══ Entries shown

lemma expander_card_nbhd_le_lower_bound:
  assumes "bip_expander n R E c d \<alpha> \<delta>" and "S \<subseteq> {1..n}"
    and "real (card S) \<le> \<alpha> * real n" and "k \<ge> 2"
  shows "(\<delta> * real k - 1) / (real k - 1) * real c * real (card S)
           \<le> real (card (nbhd_le E R (k - 1) S))"
proof -
  define NF where "NF = nbhd E R S"
  define NL where "NL = nbhd_le E R (k - 1) S"
  have reg: "bip_regular n R E c d" and expand: "\<delta> * real c * real (card S) \<le> real (card NF)"
    using assms unfolding bip_expander_def NF_def by auto
  have "NL \<subseteq> NF" "finite NF"
    using reg unfolding NF_def NL_def bip_regular_def by (simp_all add: nbhd_le_subset_nbhd finite_nbhd)
  then have "card (NF - NL) = card NF - card NL" "card NL \<le> card NF"
    by (auto simp: card_Diff_subset finite_subset card_mono)
  moreover have "card NL + k * card (NF - NL) \<le> c * card S"
    using bip_regular_card_nbhd_le_weighted_bound[OF reg assms(2), of "k - 1"] assms(4)
    unfolding NF_def NL_def by simp
  ultimately have count: "real (card NL) + real k * (real (card NF) - real (card NL))
                            \<le> real c * real (card S)"
    by (metis of_nat_add of_nat_diff of_nat_le_iff of_nat_mult)
  have "(\<delta> * real k - 1) * real c * real (card S)
          = real k * (\<delta> * real c * real (card S)) - real c * real (card S)"
    by (simp add: algebra_simps)
  also have "\<dots> \<le> real k * real (card NF) - real c * real (card S)"
    using expand by (simp add: mult_left_mono)
  also have "\<dots> \<le> (real k - 1) * real (card NL)"
    using count by (simp add: algebra_simps)
  finally show ?thesis
    using assms(4) unfolding NL_def by (simp add: field_simps)
qed

lemma hamming_list_eq_0_iff:
  assumes "length w = length w'"
  shows "hamming_list w w' = 0 \<longleftrightarrow> w = w'"
  using assms by (auto simp: hamming_list_def list_eq_iff_nth_eq)

lemma length_restr [simp]: "length (restr ord d v x) = d"
  by (simp add: restr_def)

lemma hamming_restr_eq_deg_in_diff_set:
  assumes "valid_orderings R E d ord" and "E \<subseteq> {1..n} \<times> R" and "v \<in> R"
  shows "hamming_list (restr ord d v x) (restr ord d v y) = deg_in E (diff_set n x y) v"
proof -
  have bij: "bij_betw (ord v) {..<d} {u. (u, v) \<in> E}"
    using assms unfolding valid_orderings_def by blast
  have "hamming_list (restr ord d v x) (restr ord d v y)
          = card {j \<in> {..<d}. x (ord v j) \<noteq> y (ord v j)}"
    unfolding hamming_list_def restr_def by (auto intro: arg_cong[where f = card])
  also have "\<dots> = card {u \<in> {u. (u, v) \<in> E}. x u \<noteq> y u}"
    by (rule bij_betw_same_card, rule bij_betw_Collect[OF bij]) simp
  also have "{u \<in> {u. (u, v) \<in> E}. x u \<noteq> y u} = {u \<in> diff_set n x y. (u, v) \<in> E}"
    using assms(2) unfolding diff_set_def by auto
  finally show ?thesis unfolding deg_in_def .
qed

lemma unsat_subset_nbhd_diff_set:
  assumes "bip_regular n R E c d" and "valid_orderings R E d ord"
    and "y \<in> tanner_code n R ord d C0"
  shows "unsat R ord d C0 x \<subseteq> nbhd E R (diff_set n x y)"
proof
  fix v assume v: "v \<in> unsat R ord d C0 x"
  then have "v \<in> R" and x_bad: "restr ord d v x \<notin> C0" unfolding unsat_def by auto
  have "restr ord d v y \<in> C0"
    using assms(3) \<open>v \<in> R\<close> unfolding tanner_code_def by blast
  with x_bad have "hamming_list (restr ord d v x) (restr ord d v y) \<noteq> 0"
    by (auto simp: hamming_list_eq_0_iff)
  moreover have "E \<subseteq> {1..n} \<times> R" using assms(1) unfolding bip_regular_def by blast
  ultimately have "deg_in E (diff_set n x y) v \<noteq> 0"
    using hamming_restr_eq_deg_in_diff_set[OF assms(2) _ \<open>v \<in> R\<close>] by simp
  then show "v \<in> nbhd E R (diff_set n x y)"
    using \<open>v \<in> R\<close> by (simp add: nbhd_eq_deg_in diff_set_def)
qed

lemma nbhd_le_diff_set_subset_unsat:
  assumes "bip_regular n R E c d" and "valid_orderings R E d ord"
    and "min_distance C0 d0" and "y \<in> tanner_code n R ord d C0"
  shows "nbhd_le E R (d0 - 1) (diff_set n x y) \<subseteq> unsat R ord d C0 x"
proof
  fix v assume "v \<in> nbhd_le E R (d0 - 1) (diff_set n x y)"
  then have "v \<in> R" and k: "1 \<le> deg_in E (diff_set n x y) v" "deg_in E (diff_set n x y) v < d0"
    by (auto simp: nbhd_le_eq_deg_in)
  have "E \<subseteq> {1..n} \<times> R" using assms(1) unfolding bip_regular_def by blast
  then have dist: "hamming_list (restr ord d v x) (restr ord d v y) = deg_in E (diff_set n x y) v"
    using hamming_restr_eq_deg_in_diff_set[OF assms(2) _ \<open>v \<in> R\<close>] by simp
  then have "restr ord d v x \<noteq> restr ord d v y"
    using k(1) hamming_list_eq_0_iff[of "restr ord d v x" "restr ord d v y"] by simp
  moreover have "restr ord d v y \<in> C0"
    using assms(4) \<open>v \<in> R\<close> unfolding tanner_code_def by blast
  moreover have "\<forall>w\<in>C0. \<forall>w'\<in>C0. w \<noteq> w' \<longrightarrow> d0 \<le> hamming_list w w'"
    using assms(3) unfolding min_distance_def by blast
  ultimately have "restr ord d v x \<notin> C0"
    using dist k(2) by (metis not_less)
  then show "v \<in> unsat R ord d C0 x"
    using \<open>v \<in> R\<close> unfolding unsat_def by blast
qed

theorem lemma2p7:
  fixes n c d d0 :: nat and R :: "'r set" and E :: "(nat \<times> 'r) set"
    and \<alpha> \<delta> :: real and ord :: "'r \<Rightarrow> nat \<Rightarrow> nat" and C0 :: "bool list set"
    and x y :: "nat \<Rightarrow> bool"
  assumes "bip_expander n R E c d \<alpha> \<delta>"
    and "valid_orderings R E d ord"
    and "linear_code d C0"
    and "min_distance C0 d0" and "d0 \<ge> 2"
    and "y \<in> tanner_code n R ord d C0"
    and "real (dH n x y) \<le> \<alpha> * real n"
  shows "real c * real (card (diff_set n x y)) \<ge> real (card (unsat R ord d C0 x))
       \<and> real (card (unsat R ord d C0 x)) \<ge> real (card (nbhd_le E R (d0 - 1) (diff_set n x y)))
       \<and> real (card (nbhd_le E R (d0 - 1) (diff_set n x y)))
           \<ge> (\<delta> * real d0 - 1) / (real d0 - 1) * real c * real (card (diff_set n x y))"
proof -
  define F where "F = diff_set n x y"
  have reg: "bip_regular n R E c d" using assms(1) unfolding bip_expander_def by blast
  have F: "F \<subseteq> {1..n}" "real (card F) \<le> \<alpha> * real n"
    using assms(7) unfolding F_def diff_set_def dH_def by auto
  have "finite (nbhd E R F)" using reg unfolding bip_regular_def by (simp add: finite_nbhd)
  then have "card (unsat R ord d C0 x) \<le> card (nbhd E R F)"
    using unsat_subset_nbhd_diff_set[OF reg assms(2,6)] unfolding F_def by (rule card_mono)
  also have "\<dots> \<le> c * card F" by (rule bip_regular_card_nbhd_bound[OF reg F(1)])
  finally have upper: "card (unsat R ord d C0 x) \<le> c * card F" .
  have "finite (unsat R ord d C0 x)" using reg unfolding unsat_def bip_regular_def by simp
  then have middle: "card (nbhd_le E R (d0 - 1) F) \<le> card (unsat R ord d C0 x)"
    using nbhd_le_diff_set_subset_unsat[OF reg assms(2,4,6)] unfolding F_def by (rule card_mono)
  show ?thesis
    using of_nat_mono[OF upper] of_nat_mono[OF middle] expander_card_nbhd_le_lower_bound[OF assms(1) F assms(5)]
    unfolding F_def[symmetric] by simp
qed

end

════

Exercise objective: When a line of the records has the word "close", pick it out and copy it.

Answer box:
    using assms(3) \<open>v \<in> R\<close> unfolding tanner_code_def by blast
    using hamming_restr_eq_deg_in_diff_set[OF assms(2) _ \<open>v \<in> R\<close>] by simp
    using \<open>v \<in> R\<close> by (simp add: nbhd_eq_deg_in diff_set_def)
    using hamming_restr_eq_deg_in_diff_set[OF assms(2) _ \<open>v \<in> R\<close>] by simp
    using assms(4) \<open>v \<in> R\<close> unfolding tanner_code_def by blast
    using \<open>v \<in> R\<close> unfolding unsat_def by blast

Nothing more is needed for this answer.